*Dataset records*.
.....

text \<open>Guiding-centre drift U = (E wedge B)/|B|^2 with |B|^2 = b^2.\<close>
definition drift :: "(real \<Rightarrow> real^2 \<Rightarrow> real^2) \<Rightarrow> (real \<Rightarrow> real^2 \<Rightarrow> real)
    \<Rightarrow> real \<Rightarrow> real^2 \<Rightarrow> real^2" where
  "drift E b t x = (1 / (b t x)^2) *\<^sub>R wedgeB (E t x) (b t x)"

end

theory Submission
  imports Defs
begin

text \<open>Each stage is a linear equation for the stage velocity \<open>v'\<close>, and it can be solved
  exactly: for the rotation \<open>J w = w \<and> B\<close> one has \<open>J (J w) = -b\<^sup>2 w\<close>, so eliminating \<open>J v'\<close>
  gives \<open>v' = \<epsilon> (\<epsilon>\<^sup>2 W + h J W) / (\<epsilon>\<^sup>4 + h\<^sup>2 b\<^sup>2)\<close> with \<open>W = \<epsilon> v + h E\<close> and \<open>h = \<Delta>t/2\<close>.
  Hence, as \<open>\<epsilon> \<rightarrow> 0\<close>, the displacement \<open>(h/\<epsilon>) v'\<close> tends to \<open>h U\<close> and \<open>\<epsilon> v'\<close> tends to \<open>0\<close>
  as soon as \<open>\<epsilon> v \<rightarrow> 0\<close>. Induction on \<open>n\<close> carries both \<open>x\<^sup>n \<rightarrow> y\<^sup>n\<close> and \<open>\<epsilon> v\<^sup>n \<rightarrow> 0\<close>
  through the scheme.\<close>

lemma wedgeB_add: "wedgeB (u + w) \<beta> = wedgeB u \<beta> + wedgeB w \<beta>"
  by (simp add: wedgeB_def vec_eq_iff algebra_simps)

lemma wedgeB_scaleR: "wedgeB (a *\<^sub>R w) \<beta> = a *\<^sub>R wedgeB w \<beta>"
  by (simp add: wedgeB_def vec_eq_iff)

lemma wedgeB_wedgeB: "wedgeB (wedgeB w \<beta>) \<beta> = - (\<beta>\<^sup>2 *\<^sub>R w)"
  by (simp add: wedgeB_def vec_eq_iff forall_2 power2_eq_square)

lemma tendsto_wedgeB [tendsto_intros]:
  assumes "(f \<longlongrightarrow> w) F" and "(g \<longlongrightarrow> \<beta>) F"
  shows "((\<lambda>s. wedgeB (f s) (g s)) \<longlongrightarrow> wedgeB w \<beta>) F"
proof (rule vec_tendstoI)
  fix i :: 2
  show "((\<lambda>s. wedgeB (f s) (g s) $ i) \<longlongrightarrow> wedgeB w \<beta> $ i) F"
    unfolding wedgeB_def by (auto intro!: tendsto_intros assms)
qed

lemma implicit_stage_solution:
  fixes V V1 e :: "real^2"
  assumes s: "s > 0"
    and eq: "V1 = V + (h / s) *\<^sub>R (wedgeB ((1 / s) *\<^sub>R V1) \<beta> + e)"
  shows "V1 = (s / (s^4 + h\<^sup>2 * \<beta>\<^sup>2)) *\<^sub>R
      (s\<^sup>2 *\<^sub>R (s *\<^sub>R V + h *\<^sub>R e) + h *\<^sub>R wedgeB (s *\<^sub>R V + h *\<^sub>R e) \<beta>)"
proof -
  define W where "W = s *\<^sub>R V + h *\<^sub>R e"
  have lin: "s\<^sup>2 *\<^sub>R V1 = s *\<^sub>R W + h *\<^sub>R wedgeB V1 \<beta>"
    using s by (subst eq) (simp add: W_def wedgeB_add wedgeB_scaleR algebra_simps power2_eq_square)
  have rot: "s\<^sup>2 *\<^sub>R wedgeB V1 \<beta> = s *\<^sub>R wedgeB W \<beta> - (h * \<beta>\<^sup>2) *\<^sub>R V1"
    using arg_cong[OF lin, of "\<lambda>w. wedgeB w \<beta>"] by (simp add: wedgeB_add wedgeB_scaleR wedgeB_wedgeB)
  define D where "D = s^4 + h\<^sup>2 * \<beta>\<^sup>2"
  have "D *\<^sub>R V1 = s *\<^sub>R (s\<^sup>2 *\<^sub>R W + h *\<^sub>R wedgeB W \<beta>)"
  proof -
    have "s^4 *\<^sub>R V1 = s\<^sup>2 *\<^sub>R (s\<^sup>2 *\<^sub>R V1)" by (simp add: power_numeral_reduce)
    also have "\<dots> = s\<^sup>2 *\<^sub>R (s *\<^sub>R W + h *\<^sub>R wedgeB V1 \<beta>)" by (simp only: lin)
    also have "\<dots> = s^3 *\<^sub>R W + h *\<^sub>R (s\<^sup>2 *\<^sub>R wedgeB V1 \<beta>)"
      by (simp add: algebra_simps power_numeral_reduce)
    also have "\<dots> = s^3 *\<^sub>R W + h *\<^sub>R (s *\<^sub>R wedgeB W \<beta> - (h * \<beta>\<^sup>2) *\<^sub>R V1)"
      by (simp only: rot)
    finally show ?thesis by (simp add: D_def algebra_simps power2_eq_square power_numeral_reduce)
  qed
  moreover have "D > 0" using s by (simp add: D_def add_pos_nonneg)
  ultimately show ?thesis
    unfolding W_def[symmetric] D_def[symmetric]
    by (metis (no_types, lifting) divide_inverse_commute less_irrefl scaleR_one scaleR_scaleR right_inverse)
qed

.....

*WORK INSTRUCTION*. Find all lines holding the word "unfolding" in the records above and copy them.

*REPLY*.
    unfolding wedgeB_def by (auto intro!: tendsto_intros assms)
    unfolding W_def[symmetric] D_def[symmetric]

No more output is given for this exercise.